The code below allows you to make use of the 1008 machine translation models covering 140 languages that Helsinki-NLP contributed to the Hugging Face model hub.

The `Translator` class takes two languages as input: the source language `src_language` which is the language of the source input and the target language `tgt_language`. 

It has two important methods:
- `load_model` this method allows to load the model you want to use
- `translate` this method uses the `loaded_model` to translate the `src_text` you gave as input.

In [7]:
class Translator:
    
    model_list = HfApi().model_list()
    valid_model_names = [x.modelId for x in model_list if x.modelId.startswith("Helsinki-NLP")]
    
    def __init__(self, src_language, tgt_language):
        self.src_language = src_language
        self.tgt_language = tgt_language
        self.model_name = f'Helsinki-NLP/opus-mt-{src_language}-{tgt_language}'
        if self.model_name not in self.valid_model_names:
            raise KeyError(f'{self.model_name} is not a valid model name.')

    def load_model(self):
        """Load translation model and tokenizer."""
        tokenizer = MarianTokenizer.from_pretrained(self.model_name)
        model = MarianMTModel.from_pretrained(self.model_name)
        return tokenizer, model
    
    def translate(self, src_text, loaded_model):
        """Use loaded model and tokenizer to translate the source text."""
        tokenizer, model = loaded_model
        translated = model.generate(**tokenizer.prepare_seq2seq_batch([src_text], return_tensors="pt"))
        return [tokenizer.decode(t, skip_special_tokens=True) for t in translated][0] 
        

We first instantiate the `Translator` class using as example English as the source language and French as the target language. 

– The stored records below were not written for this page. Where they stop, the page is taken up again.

(* Let $\delta_W,\delta_X,\delta_Y,\delta_Z\in\mathbb{Z}$ with $\delta_W+\delta_X+\delta_Y+\delta_Z\ne 0$, and let $\ell=\max(|\delta_W|,|\delta_X|,|\delta_Y|,|\delta_Z|)$. Consider four tests $A,B,C,D$ (rows, in this order) and four persons $W,X,Y,Z$ (columns) and the $4\times 4$ schedule matrix $S$ defined as follows. Each person occupies exactly two tests: $X$ is in $A$ and $B$, $Y$ is in $B$ and $C$, $Z$ is in $C$ and $D$, $W$ is in $D$ and $A$; all other entries are $\infty$. For a person $P$ occupying the ordered pair of tests $(U,V)\in\{(A,B),(B,C),(C,D),(D,A)\}$ (for $P=X,Y,Z,W$ respectively), set $S_{U,P}=\max(0,-\delta_P)$ and $S_{V,P}=\max(0,\delta_P)$ (so that $S_{V,P}-S_{U,P}=\delta_P$). Then $S$ is a $(4,4,2)$-tropical code within maximum delay $\ell$.
   Context: Tropical arithmetic on $\mathbb{R}\cup\{\infty\}$: $x\oplus y=\min(x,y)$, $x\odot y=x+y$, with $x\oplus\infty=x$ and $x\odot\infty=\infty$. For a matrix $S$ with $T$ rows and $N$ columns and a column vector $\mathbf{x}$ of length $N$, $S\odot\mathbf{x}$ is the vector whose $t$-th entry is $\min_{j}(S_{tj}+x_j)$. A $(T,N,D)$-tropical code is a matrix $S\in(\{0\}\cup\mathbb{N}\cup\{\infty\})^{T\times N}$ such that for any two distinct vectors $\mathbf{x},\mathbf{y}\in(\{0\}\cup\mathbb{N}\cup\{\infty\})^{N}$, each having at most $D$ finite entries, $S\odot\mathbf{x}\ne S\odot\mathbf{y}$. It is within maximum delay $\ell$ if $S\in\{0,1,\dots,\ell,\infty\}^{T\times N}$. *)

theory Defs
  imports Main "HOL-Library.Extended_Nat"
begin

text \<open>Tropical arithmetic on {0} \<union> \<nat> \<union> {\<infinity>}, modelled by enat:
  tropical sum = min, tropical product = +, with \<infinity> absorbing for + and neutral for min.
  Matrices with T rows and N columns are functions nat \<Rightarrow> nat \<Rightarrow> enat, only the
  entries with row < T and column < N being relevant; vectors of length N are
  functions nat \<Rightarrow> enat, only entries j < N being relevant.\<close>

definition trop_mv :: "nat \<Rightarrow> (nat \<Rightarrow> nat \<Rightarrow> enat) \<Rightarrow> (nat \<Rightarrow> enat) \<Rightarrow> nat \<Rightarrow> enat" where
  "trop_mv N S x t = (INF j\<in>{..<N}. S t j + x j)"

definition finite_support_count :: "nat \<Rightarrow> (nat \<Rightarrow> enat) \<Rightarrow> nat" where
  "finite_support_count N x = card {j \<in> {..<N}. x j \<noteq> \<infinity>}"

definition tropical_code :: "nat \<Rightarrow> nat \<Rightarrow> nat \<Rightarrow> (nat \<Rightarrow> nat \<Rightarrow> enat) \<Rightarrow> bool" where
  "tropical_code T N D S \<longleftrightarrow>
     (\<forall>x y. finite_support_count N x \<le> D \<longrightarrow> finite_support_count N y \<le> D \<longrightarrow>
        (\<exists>j<N. x j \<noteq> y j) \<longrightarrow> (\<exists>t<T. trop_mv N S x t \<noteq> trop_mv N S y t))"

definition within_delay :: "nat \<Rightarrow> nat \<Rightarrow> nat \<Rightarrow> (nat \<Rightarrow> nat \<Rightarrow> enat) \<Rightarrow> bool" where
  "within_delay T N l S \<longleftrightarrow> (\<forall>t<T. \<forall>j<N. S t j = \<infinity> \<or> S t j \<le> enat l)"

definition pospart :: "int \<Rightarrow> enat" where "pospart d = enat (nat (max 0 d))"
definition negpart :: "int \<Rightarrow> enat" where "negpart d = enat (nat (max 0 (- d)))"

text \<open>Rows: A=0, B=1, C=2, D=3.  Columns: W=0, X=1, Y=2, Z=3.
  X occupies (A,B), Y occupies (B,C), Z occupies (C,D), W occupies (D,A).\<close>
definition sched :: "int \<Rightarrow> int \<Rightarrow> int \<Rightarrow> int \<Rightarrow> nat \<Rightarrow> nat \<Rightarrow> enat" where
  "sched dW dX dY dZ t j =
    (if j = 1 \<and> t = 0 then negpart dX else if j = 1 \<and> t = 1 then pospart dX
     else if j = 2 \<and> t = 1 then negpart dY else if j = 2 \<and> t = 2 then pospart dY
     else if j = 3 \<and> t = 2 then negpart dZ else if j = 3 \<and> t = 3 then pospart dZ
     else if j = 0 \<and> t = 3 then negpart dW else if j = 0 \<and> t = 0 then pospart dW
     else \<infinity>)"

end

theory Submission
  imports Defs
begin

text \<open>Number the persons W, X, Y, Z and the tests A, B, C, D by 0, 1, 2, 3. They form a ring:
  test k is shared by person k, delayed by the positive part of its \<open>\<delta>\<close>, and person
  k + 1 (mod 4), delayed by the negative part of its \<open>\<delta>\<close>. If a neighbour of person p
  is absent in both x and y, the test they share reveals p's value. Otherwise, as at most two
  persons are present, x and y must occupy the two opposite pairs of the ring, so every test
  sees exactly one present person of each; going once around the ring these four equal
  readings telescope to \<open>\<delta>\<^sub>W + \<delta>\<^sub>X + \<delta>\<^sub>Y + \<delta>\<^sub>Z = 0\<close>.\<close>

definition ring_reading :: "(nat \<Rightarrow> int) \<Rightarrow> (nat \<Rightarrow> enat) \<Rightarrow> nat \<Rightarrow> enat" where
  "ring_reading d x k = min (pospart (d k) + x k) (negpart (d ((k + 1) mod 4)) + x ((k + 1) mod 4))"

lemma trop_mv_4:
  "trop_mv 4 S x t = min (S t 0 + x 0) (min (S t 1 + x 1) (min (S t 2 + x 2) (S t 3 + x 3)))"
proof -
  have "{..<4::nat} = {0, 1, 2, 3}" by auto
  then show ?thesis unfolding trop_mv_def by (simp add: inf_min)
qed

lemma trop_mv_sched:
  assumes "d 0 = dW" "d 1 = dX" "d 2 = dY" "d 3 = dZ" and "k < 4"
  shows "trop_mv 4 (sched dW dX dY dZ) x k = ring_reading d x k"
proof -
  from assms(5) consider "k = 0" | "k = 1" | "k = 2" | "k = 3" by linarith
  then show ?thesis
    by cases (simp_all add: trop_mv_4 sched_def ring_reading_def min.commute flip: assms(1-4) numeral_2_eq_2)
qed

lemma infinity_among_three:
  assumes "finite_support_count 4 x \<le> 2" "i < 4" "j < 4" "k < 4" "i \<noteq> j" "j \<noteq> k" "i \<noteq> k"
  shows "x i = \<infinity> \<or> x j = \<infinity> \<or> x k = \<infinity>"
proof (rule ccontr)
  assume "\<not> ?thesis"
  then have "{i, j, k} \<subseteq> {j \<in> {..<4}. x j \<noteq> \<infinity>}" using assms by auto
  then have "card {i, j, k} \<le> card {j \<in> {..<4::nat}. x j \<noteq> \<infinity>}" by (intro card_mono) auto
  moreover have "card {i, j, k} = 3" using assms by auto
  ultimately show False using assms(1) unfolding finite_support_count_def by simp
qed

lemma ring_reading_eq_infinity_iff:
  "ring_reading d x k = \<infinity> \<longleftrightarrow> x k = \<infinity> \<and> x ((k + 1) mod 4) = \<infinity>"
  by (cases "x k"; cases "x ((k + 1) mod 4)") (simp_all add: ring_reading_def pospart_def negpart_def)

lemma ring_reading_cancel_left:
  assumes "ring_reading d x k = ring_reading d y k"
    and "x ((k + 1) mod 4) = \<infinity>" "y ((k + 1) mod 4) = \<infinity>"
  shows "x k = y k"
  using assms by (cases "x k"; cases "y k") (simp_all add: ring_reading_def pospart_def)

lemma ring_reading_cancel_right:
  assumes "ring_reading d x k = ring_reading d y k"
    and "x k = \<infinity>" "y k = \<infinity>"
  shows "x ((k + 1) mod 4) = y ((k + 1) mod 4)"
  using assms by (cases "x ((k + 1) mod 4)"; cases "y ((k + 1) mod 4)")
    (simp_all add: ring_reading_def negpart_def)

lemma pospart_negpart_split:
  obtains p n where "pospart d = enat p" "negpart d = enat n" "int p - int n = d"
  by (simp add: pospart_def negpart_def)

lemma alternating_readings_sum_eq_0:
  assumes "pospart d1 + enat u = negpart d2 + enat v"
    and "pospart d2 + enat v = negpart d3 + enat w"
    and "pospart d3 + enat w = negpart d4 + enat z"
    and "pospart d4 + enat z = negpart d1 + enat u"
  shows "d1 + d2 + d3 + d4 = 0"
proof -
  obtain p1 n1 p2 n2 p3 n3 p4 n4 where
    "pospart d1 = enat p1" "negpart d1 = enat n1" "int p1 - int n1 = d1"
    "pospart d2 = enat p2" "negpart d2 = enat n2" "int p2 - int n2 = d2"
    "pospart d3 = enat p3" "negpart d3 = enat n3" "int p3 - int n3 = d3"
    "pospart d4 = enat p4" "negpart d4 = enat n4" "int p4 - int n4 = d4"
    by (metis pospart_negpart_split)
  with assms show ?thesis by simp
qed

lemma ring_neighbours:
  fixes p q s r :: nat
  assumes "p < 4" "q = (p + 1) mod 4" "s = (q + 1) mod 4" "r = (s + 1) mod 4"
  shows "q < 4" "s < 4" "r < 4" "(r + 1) mod 4 = p" "distinct [p, q, s, r]"
proof -
  show "q < 4" "s < 4" "r < 4" "(r + 1) mod 4 = p"
    using assms by presburger+
  have "p \<noteq> q" "p \<noteq> s" "p \<noteq> r" "q \<noteq> s" "q \<noteq> r" "s \<noteq> r"
    using assms by presburger+
  then show "distinct [p, q, s, r]" by simp
qed

lemma sum_lessThan_4_distinct:
  fixes p q s r :: nat
  assumes "p < 4" "q < 4" "s < 4" "r < 4" "distinct [p, q, s, r]"
  shows "(\<Sum>k<4. d k) = d p + d q + d s + d r"
proof -
  have "card {p, q, s, r} = card {..<4::nat}" using assms(5) by simp
  then have "{p, q, s, r} = {..<4}"
    using assms(1-4) by (intro card_subset_eq) auto
  then have "(\<Sum>k<4. d k) = sum d {p, q, s, r}" by simp
  also have "\<dots> = d p + d q + d s + d r" using assms(5) by (simp add: add.assoc)
  finally show ?thesis .
qed

lemma ring_readings_determine_finite_entry:
  assumes sum: "(\<Sum>k<4. d k) \<noteq> 0"
    and sx: "finite_support_count 4 x \<le> 2" and sy: "finite_support_count 4 y \<le> 2"
    and eq: "\<And>k. k < 4 \<Longrightarrow> ring_reading d x k = ring_reading d y k"
    and p: "p < 4" and fin: "x p \<noteq> \<infinity>"
  shows "x p = y p"
proof (rule ccontr)
  assume ne: "x p \<noteq> y p"
  define q s r where "q = (p + 1) mod 4" and "s = (q + 1) mod 4" and "r = (s + 1) mod 4"
  note ring = ring_neighbours[OF p q_def s_def r_def]
  have idx: "q < 4" "s < 4" "r < 4" "(r + 1) mod 4 = p"
    and dist: "p \<noteq> q" "p \<noteq> s" "p \<noteq> r" "q \<noteq> s" "q \<noteq> r" "s \<noteq> r"
    using ring by auto
  have eq_p: "ring_reading d x p = ring_reading d y p"
    and eq_q: "ring_reading d x q = ring_reading d y q"
    and eq_s: "ring_reading d x s = ring_reading d y s"
    and eq_r: "ring_reading d x r = ring_reading d y r"
    using eq p idx by auto
  have q_seen: "x q \<noteq> \<infinity> \<or> y q \<noteq> \<infinity>"
    using ring_reading_cancel_left[OF eq_p] ne q_def by auto
  have r_seen: "x r \<noteq> \<infinity> \<or> y r \<noteq> \<infinity>"
    using ring_reading_cancel_right[OF eq_r] ne idx(4) by auto
  have x_q: "x q = \<infinity>"
  proof (rule ccontr)
    assume "x q \<noteq> \<infinity>"
    then have "x s = \<infinity>" "x r = \<infinity>"
      using fin infinity_among_three[OF sx] p idx dist by metis+
    then have "y r = \<infinity>"
      using eq_s ring_reading_eq_infinity_iff r_def by metis
    with \<open>x r = \<infinity>\<close> r_seen show False by simp
  qed
  have x_r: "x r = \<infinity>"
  proof (rule ccontr)
    assume "x r \<noteq> \<infinity>"
    then have "x s = \<infinity>"
      using fin infinity_among_three[OF sx] p idx dist by metis
    then have "y q = \<infinity>"
      using eq_q x_q ring_reading_eq_infinity_iff s_def by metis
    with x_q q_seen show False by simp
  qed
  from q_seen r_seen x_q x_r have y_q: "y q \<noteq> \<infinity>" and y_r: "y r \<noteq> \<infinity>" by auto
  then have y_p: "y p = \<infinity>" and y_s: "y s = \<infinity>"
    using infinity_among_three[OF sy] p idx dist by metis+
  have x_s: "x s \<noteq> \<infinity>"
    using eq_q y_q x_q ring_reading_eq_infinity_iff s_def by metis
  obtain u v w z where "x p = enat u" "y q = enat v" "x s = enat w" "y r = enat z"
    using fin y_q x_s y_r by auto
  have reading: "ring_reading d t p = min (pospart (d p) + t p) (negpart (d q) + t q)"
    "ring_reading d t q = min (pospart (d q) + t q) (negpart (d s) + t s)"
    "ring_reading d t s = min (pospart (d s) + t s) (negpart (d r) + t r)"
    "ring_reading d t r = min (pospart (d r) + t r) (negpart (d p) + t p)" for t
    unfolding ring_reading_def q_def[symmetric] s_def[symmetric] r_def[symmetric] idx(4) by simp_all
  with eq_p eq_q eq_s eq_r x_q x_r y_p y_s \<open>x p = enat u\<close> \<open>y q = enat v\<close> \<open>x s = enat w\<close> \<open>y r = enat z\<close>
  have "pospart (d p) + enat u = negpart (d q) + enat v"
    "pospart (d q) + enat v = negpart (d s) + enat w"
    "pospart (d s) + enat w = negpart (d r) + enat z"
    "pospart (d r) + enat z = negpart (d p) + enat u"
    by simp_all
  then have "d p + d q + d s + d r = 0" by (rule alternating_readings_sum_eq_0)
  with sum sum_lessThan_4_distinct[OF p ring(1-3,5), of d] show False by simp
qed

lemma ring_readings_injective:
  assumes "(\<Sum>k<4. d k) \<noteq> 0"
    and "finite_support_count 4 x \<le> 2" "finite_support_count 4 y \<le> 2"
    and "\<And>k. k < 4 \<Longrightarrow> ring_reading d x k = ring_reading d y k"
    and "j < 4"
  shows "x j = y j"
proof -
  have "ring_reading d y k = ring_reading d x k" if "k < 4" for k
    using assms(4)[OF that] by simp
  then have "y j \<noteq> \<infinity> \<Longrightarrow> y j = x j"
    using ring_readings_determine_finite_entry[OF assms(1,3,2)] assms(5) by blast
  moreover have "x j \<noteq> \<infinity> \<Longrightarrow> x j = y j"
    using ring_readings_determine_finite_entry[OF assms(1-4)] assms(5) by blast
  ultimately show ?thesis by fastforce
qed

lemma within_delay_sched:
  "within_delay 4 4 (nat (max (max \<bar>dW\<bar> \<bar>dX\<bar>) (max \<bar>dY\<bar> \<bar>dZ\<bar>))) (sched dW dX dY dZ)"
proof -
  define l where "l = nat (max (max \<bar>dW\<bar> \<bar>dX\<bar>) (max \<bar>dY\<bar> \<bar>dZ\<bar>))"
  have "pospart d \<le> enat l \<and> negpart d \<le> enat l" if "d \<in> {dW, dX, dY, dZ}" for d
    using that unfolding pospart_def negpart_def l_def by (auto intro!: nat_mono)
  then have "sched dW dX dY dZ t j = \<infinity> \<or> sched dW dX dY dZ t j \<le> enat l" for t j
    unfolding sched_def by simp
  then show ?thesis unfolding within_delay_def l_def by blast
qed

theorem mainTheorem4:
  fixes dW dX dY dZ :: int
  assumes "dW + dX + dY + dZ \<noteq> 0"
  shows "tropical_code 4 4 2 (sched dW dX dY dZ) \<and>
         within_delay 4 4 (nat (max (max \<bar>dW\<bar> \<bar>dX\<bar>) (max \<bar>dY\<bar> \<bar>dZ\<bar>))) (sched dW dX dY dZ)"
proof
  let ?d = "nth [dW, dX, dY, dZ]"
  have sum: "(\<Sum>k<4. ?d k) \<noteq> 0"
    using assms by (simp add: eval_nat_numeral add.assoc)
  have coeffs: "?d 0 = dW" "?d 1 = dX" "?d 2 = dY" "?d 3 = dZ"
    by (simp_all add: numeral_eq_Suc)
  show "tropical_code 4 4 2 (sched dW dX dY dZ)"
    unfolding tropical_code_def
  proof (intro allI impI)
    fix x y :: "nat \<Rightarrow> enat"
    assume sx: "finite_support_count 4 x \<le> 2" and sy: "finite_support_count 4 y \<le> 2"
      and "\<exists>j<4. x j \<noteq> y j"
    then have "\<exists>t<4. ring_reading ?d x t \<noteq> ring_reading ?d y t"
      using ring_readings_injective[OF sum sx sy] by blast
    then show "\<exists>t<4. trop_mv 4 (sched dW dX dY dZ) x t \<noteq> trop_mv 4 (sched dW dX dY dZ) y t"
      using trop_mv_sched[OF coeffs] by auto
  qed
qed (rule within_delay_sched)

end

Languages are defined by their ISO 639-1 codes (you can find a list of these codes for each language [here](https://en.wikipedia.org/wiki/List_of_ISO_639-1_codes)). Not all language combinations are available: please check the [model list](https://huggingface.co/Helsinki-NLP) from `Helsinki-NLP` to see if the combination you're interested in is available. The model names are defined as follows: `Helsinki-NLP/opus-mt-<ISO_CODE_SRC_LANG>-<ISO_CODE_TGT_LANG>`. For instance, to check whether translation from English (ISO 639_1 = `en`) to French ( ISO 639_1 = `fr`), look for `Helsinki-NLP/opus-mt-en-fr`. 

In [8]:
%%time
translator = Translator(src_language='es', tgt_language='en')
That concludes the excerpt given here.